The employee's speech prior to the song, translated to English, is:
For countless nights, with sparkling stars in the sky, Dahua, has become the most shining one in the dark. With a firm belief, we carry on. To make the society safer and to make lives smarter, we are the fighting Dahua-ers. We breathe with our motherland, we share one destiny. Tens of thousands of Dahua-ers fight for this mission brought to us by the history. We are one piece of sand in this enormous population. We are one water drop of the long river of the history. We sail against the storm with enthusiasm. With full ambition in our chests, we forge the glory. With everyone's heart aligned, we are firm in reformation. The horn of our era has blown. We are embarking on a new journey. Let's sing the song in our heart together to wish our country for strength and prosperity [emphasis added]
Hammer and Sickle in China
Also, the hammer and sickle is at the center of the PRC's Great Hall of the People, the meeting place for their National People's Congress and where Xi Jinping regularly speaks, as shown below:
Why Communist Party Pin
While Dahua could have used the country's PRC flag, the Party is worried about people separating the two (government vs. Party). In 2013, when the phrase "love the country does not equal love the party" (爱国不等于爱党) caught on with PRC netizens, PRC state media claimed this was "ideological infiltration" from the West and pointed out that multiparty democracy in Iraq and Libya has led to "turmoil and war".
The China Communist Party controls all levels of government in China and does not want people to make a clear distinction. This means anyone who is against the Party, like Hong Kong protesters, is considered a "traitor" to the PRC. (The US equivalent would be being branded a national traitor if one supported the Democrats while Republicans were in power).
Dahua has previously implied that, unlike state-owned Hikvision, it is independent of government influence - e.g., when the NDAA ban passed, Dahua said it is "not a government owned entity". Dahua's shares are indeed private. Its top shareholder by far is the founder and chairman Fu Liquan, who owns 36% of the company's shares.
Dahua's "unconditional fealty to the party and state"
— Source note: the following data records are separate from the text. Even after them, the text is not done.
text \<open>
  Write p(x) = a_0 + ... + a_d x^d and \<Delta>_q f(x) = f(x + q) - f(x).  That the joint
  repetition property of the monomials implies the repetition property of p is the
  triangle inequality for the distance to the nearest integer.  Conversely, we show by
  induction on d that for all \<epsilon> > 0 and r there are R, \<eta>, M such that if \<Delta>_q p(n) is
  \<eta>-close to the integers for n \<le> R q, then every term a_k C(k,j) (Mq)^(k-j) n^j of the
  expansion of \<Delta>_{Mq}(a_k x^k) is \<epsilon>-close to the integers for n \<le> r M q.  The top
  coefficient is controlled by a Vinogradov-type estimate (a polynomial of degree j that
  is \<delta>-close to the integers on 0..N has leading coefficient b with \<parallel>j! b\<parallel> N^j \<le> C \<delta>)
  applied to the differences \<Delta>_q^(d-j) p; after removing the top term, a telescoping
  argument shows that the lower part satisfies the induction hypothesis.
\<close>

subsection \<open>The distance to the nearest integer\<close>

lemma tnorm_round: "tnorm t = \<bar>t - of_int (round t)\<bar>"
proof -
  have min: "\<bar>t - of_int (round t)\<bar> \<le> \<bar>t - of_int m\<bar>" for m :: int
  proof (cases "m = round t")
    case False
    then have "(1::real) \<le> of_int \<bar>m - round t\<bar>" by linarith
    then have "\<bar>of_int m - of_int (round t)\<bar> \<ge> (1::real)" by simp
    moreover have "\<bar>of_int (round t) - t\<bar> \<le> 1/2" by (rule of_int_round_abs_le)
    ultimately show ?thesis by linarith
  qed simp
  have "(INF p\<in>(\<int>::real set). \<bar>t - p\<bar>) = \<bar>t - of_int (round t)\<bar>"
  proof (rule antisym)
    show "(INF p\<in>(\<int>::real set). \<bar>t - p\<bar>) \<le> \<bar>t - of_int (round t)\<bar>"
      by (rule cINF_lower) (auto intro: bdd_belowI[of _ 0])
    show "\<bar>t - of_int (round t)\<bar> \<le> (INF p\<in>(\<int>::real set). \<bar>t - p\<bar>)"
      by (rule cINF_greatest) (auto elim!: Ints_cases simp: min)
  qed
  then show ?thesis by (simp add: tnorm_def)
qed

lemma tnorm_le: "tnorm t \<le> \<bar>t - of_int m\<bar>"
  unfolding tnorm_def by (rule cINF_lower) (auto intro: bdd_belowI[of _ 0])

lemma tnorm_nonneg: "tnorm t \<ge> 0"
  by (simp add: tnorm_round)

lemma tnorm_abs: "tnorm t \<le> \<bar>t\<bar>"
  using tnorm_le[of t 0] by simp

lemma tnorm_add: "tnorm (x + y) \<le> tnorm x + tnorm y"
proof -
  have "tnorm (x + y) \<le> \<bar>x + y - of_int (round x + round y)\<bar>" by (rule tnorm_le)
  also have "\<dots> \<le> \<bar>x - of_int (round x)\<bar> + \<bar>y - of_int (round y)\<bar>" by simp
  finally show ?thesis by (simp add: tnorm_round)
qed

lemma tnorm_minus: "tnorm (- x) = tnorm x"
proof -
  have "tnorm (- x) \<le> tnorm x" for x
    using tnorm_le[of "- x" "- round x"] by (simp add: tnorm_round abs_minus_commute)
  from this[of x] this[of "- x"] show ?thesis by simp
qed

lemma tnorm_diff: "tnorm (x - y) \<le> tnorm x + tnorm y"
  using tnorm_add[of x "- y"] by (simp add: tnorm_minus)

lemma tnorm_commute: "tnorm (x - y) = tnorm (y - x)"
  using tnorm_minus[of "x - y"] by simp

lemma tnorm_int_add: "tnorm (x + of_int m) = tnorm x"
proof -
  have "tnorm (x + of_int m) \<le> tnorm x" for x m
    using tnorm_le[of "x + of_int m" "round x + m"] by (simp add: tnorm_round)
  from this[of x m] this[of "x + of_int m" "- m"] show ?thesis by simp
qed

lemma tnorm_small: "\<bar>x\<bar> < 1/2 \<Longrightarrow> tnorm x = \<bar>x\<bar>"
proof -
  assume small: "\<bar>x\<bar> < 1/2"
  have "\<bar>x\<bar> \<le> \<bar>x - of_int (round x)\<bar>"
  proof (cases "round x = 0")
    case False
    then have "(1::real) \<le> of_int \<bar>round x\<bar>" by linarith
    then show ?thesis using small by simp
  qed simp
  then show ?thesis using tnorm_abs[of x] by (simp add: tnorm_round)
qed

lemma tnorm_mult_nat: "tnorm (of_nat m * x) \<le> of_nat m * tnorm x"
proof (induction m)
  case 0 then show ?case by (simp add: tnorm_round)
next
  case (Suc m)
  have "tnorm (of_nat (Suc m) * x) = tnorm (of_nat m * x + x)" by (simp add: algebra_simps)
  also have "\<dots> \<le> tnorm (of_nat m * x) + tnorm x" by (rule tnorm_add)
  finally show ?case using Suc by (simp add: algebra_simps)
qed
text \<open>Since \<open>ln 0 = 0\<close>, replacing a vanishing PF eigenvalue by 1 does not change its logarithm
  but makes it a valid divisor.\<close>
definition growth_rate :: "('a::finite \<Rightarrow> 'a \<Rightarrow> real) \<Rightarrow> real" where
  "growth_rate A = (if pf_eigenvalue A > 0 then pf_eigenvalue A else 1)"

lemma growth_rate_pos: "growth_rate A > 0"
  by (simp add: growth_rate_def)

lemma ln_growth_rate: "ln (growth_rate A) = ln (pf_eigenvalue A)"
  using pf_eigenvalue_nonneg[of A] by (auto simp: growth_rate_def)

lemma mat_pow_growth_bound:
  fixes A :: "'a::finite \<Rightarrow> 'a \<Rightarrow> real"
  shows "\<exists>C. \<forall>k a b. \<bar>mat_pow k A a b\<bar> \<le> C * (real k + 1) ^ CARD('a) * growth_rate A ^ k"
proof -
  let ?t = "growth_rate A"
  have t: "?t > 0" by (rule growth_rate_pos)
  have "pf_eigenvalue (\<lambda>a b. A a b / ?t) \<le> 1"
    using pf_eigenvalue_divide_le[OF t, of A] pf_eigenvalue_nonneg[of A]
    by (auto simp: growth_rate_def split: if_splits)
  then obtain C where C: "\<And>k a b. \<bar>mat_pow k (\<lambda>a b. A a b / ?t) a b\<bar> \<le> C * (real k + 1) ^ CARD('a)"
    using mat_pow_bound_pf_eigenvalue_le_1 by blast
  have "\<bar>mat_pow k A a b\<bar> \<le> C * (real k + 1) ^ CARD('a) * ?t ^ k" for k a b
  proof -
    have "\<bar>mat_pow k A a b\<bar> / ?t ^ k \<le> C * (real k + 1) ^ CARD('a)"
      using C[of k a b] t by (simp add: mat_pow_divide abs_divide)
    then show ?thesis
      using t by (simp add: divide_le_eq)
  qed
  then show ?thesis by blast
qed
(* Let $(\Omega,\mathcal F)$ be a measurable space with $\Sigma\neq\emptyset$, and let $v:\mathcal F\to\mathbb R$ be a non-decreasing continuous set function with $v(\emptyset)=0$. Let $f_n:\Omega\to\mathbb R$ ($n\in\mathbb N$) and $f:\Omega\to\mathbb R$ be measurable and Choquet integrable with respect to $v$, such that $f_n$ is pointwise non-decreasing in $n$ and $f=\lim_n f_n$ $v$-almost surely. Then $\lim_{n\to\infty}v(f_n)=v(f)$.
   Context: $\Sigma$ denotes the set of all classes $\mathcal I\subset\mathcal F$ that are chains (totally ordered by inclusion), contain $\emptyset$ and $\Omega$, and generate $\mathcal F$ as a $\sigma$-algebra. $v$ is non-decreasing if $v(A)\le v(B)$ for $A\subset B$. For $\mathcal I\in\Sigma$ let $\mathcal J$ be the algebra generated by $\mathcal I$, whose elements are the sets $\bigcup_{i=1}^n (C_i\cap D_i^c)$ with $C_1\supset D_1\supset\cdots\supset C_n\supset D_n$ in $\mathcal I$; define $\mu_{v,\mathcal I}(\bigcup_{i=1}^n (C_i\cap D_i^c))=\sum_{i=1}^n(v(C_i)-v(D_i))$. $v$ is continuous if for every $\mathcal I\in\Sigma$ this $\mu_{v,\mathcal I}$ is $\sigma$-additive on $\mathcal J$. The Choquet integral of a measurable $f$ is $v(f)=\lim_{y\to-\infty}\big(y\,v(\Omega)+\int_y^\infty v(\{\omega: f(\omega)>z\})\,dz\big)$ (Lebesgue integral), and $f$ is Choquet integrable if this is a well-defined real number. A set $N\in\mathcal F$ is $v$-null if $v(N\cup A)=v(N^c\cap A)=v(A)$ for all $A\in\mathcal F$; $f=\lim f_n$ $v$-almost surely means there is a $v$-null $N$ with $\lim f_n(\omega)=f(\omega)$ for all $\omega\in N^c$. *)

theory Defs
  imports "HOL-Analysis.Analysis"
begin

definition chain_gens :: "'a measure \<Rightarrow> 'a set set set" where
  "chain_gens M = {I. I \<subseteq> sets M \<and> (\<forall>A\<in>I. \<forall>B\<in>I. A \<subseteq> B \<or> B \<subseteq> A)
      \<and> {} \<in> I \<and> space M \<in> I \<and> sigma_sets (space M) I = sets M}"

definition chain_rep :: "'a set set \<Rightarrow> 'a set \<Rightarrow> nat \<Rightarrow> (nat \<Rightarrow> 'a set) \<Rightarrow> (nat \<Rightarrow> 'a set) \<Rightarrow> bool" where
  "chain_rep I A n C D \<longleftrightarrow>
     (\<forall>i<n. C i \<in> I \<and> D i \<in> I \<and> D i \<subseteq> C i) \<and>
     (\<forall>i. Suc i < n \<longrightarrow> C (Suc i) \<subseteq> D i) \<and>
     A = (\<Union>i<n. C i - D i)"

definition chain_alg :: "'a set set \<Rightarrow> 'a set set" where
  "chain_alg I = {A. \<exists>n C D. chain_rep I A n C D}"

definition mu_chain :: "('a set \<Rightarrow> real) \<Rightarrow> 'a set set \<Rightarrow> 'a set \<Rightarrow> real" where
  "mu_chain v I A = (SOME x. \<exists>n C D. chain_rep I A n C D \<and> x = (\<Sum>i<n. v (C i) - v (D i)))"

definition nondecreasing_sf :: "'a measure \<Rightarrow> ('a set \<Rightarrow> real) \<Rightarrow> bool" where
  "nondecreasing_sf M v \<longleftrightarrow> (\<forall>A\<in>sets M. \<forall>B\<in>sets M. A \<subseteq> B \<longrightarrow> v A \<le> v B)"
However, Willy Lam, an adjunct history professor at the Chinese University of Hong Kong, told IPVM the video showed Dahua's "unconditional fealty to the party and state":
This video is really over-the-top in demonstrating a private company’s total and unconditional fealty to the party and state. This is what Xi Jinping is demanding of large private enterprises (even though many so-called private enterprises enjoy the patronage of powerful politicians including princelings). By professing undying loyalty to the party-state, private bosses hope that the CCP won’t be sending so many commissars into their offices. The trend seems to be more party hacks being posted to private firms to ensure their loyalty.
State-Owned Hikvision Comparison
Hikvision itself did not post such a video, however, its chairman Chen Zongnian and its state-owned controlling shareholder CETHIK held a large celebration of the PRC's 70th anniversary on September 26th in Hikvision's HQ of Hangzhou.
Chen gave a speech praising "the contribution of state-owned enterprises to realize the Chinese dream of the great rejuvenation of the Chinese nation". (These are political slogans closely associated with Xi Jinping.)
CETHIK also sang "There is no new China without the Communist Party" at the event, a version of which is embedded below :
China is a one-party ruled state where the CCP ultimately controls all aspects of society: business, politics, media, etc. Especially under current leader Xi Jinping, it has been clearer than ever that the Party "has returned to being the ultimate authority in business as well as politics", as noted by China expert Richard McGregor.
Dahua, as a PRC company, is clearly displaying loyalty to the Party.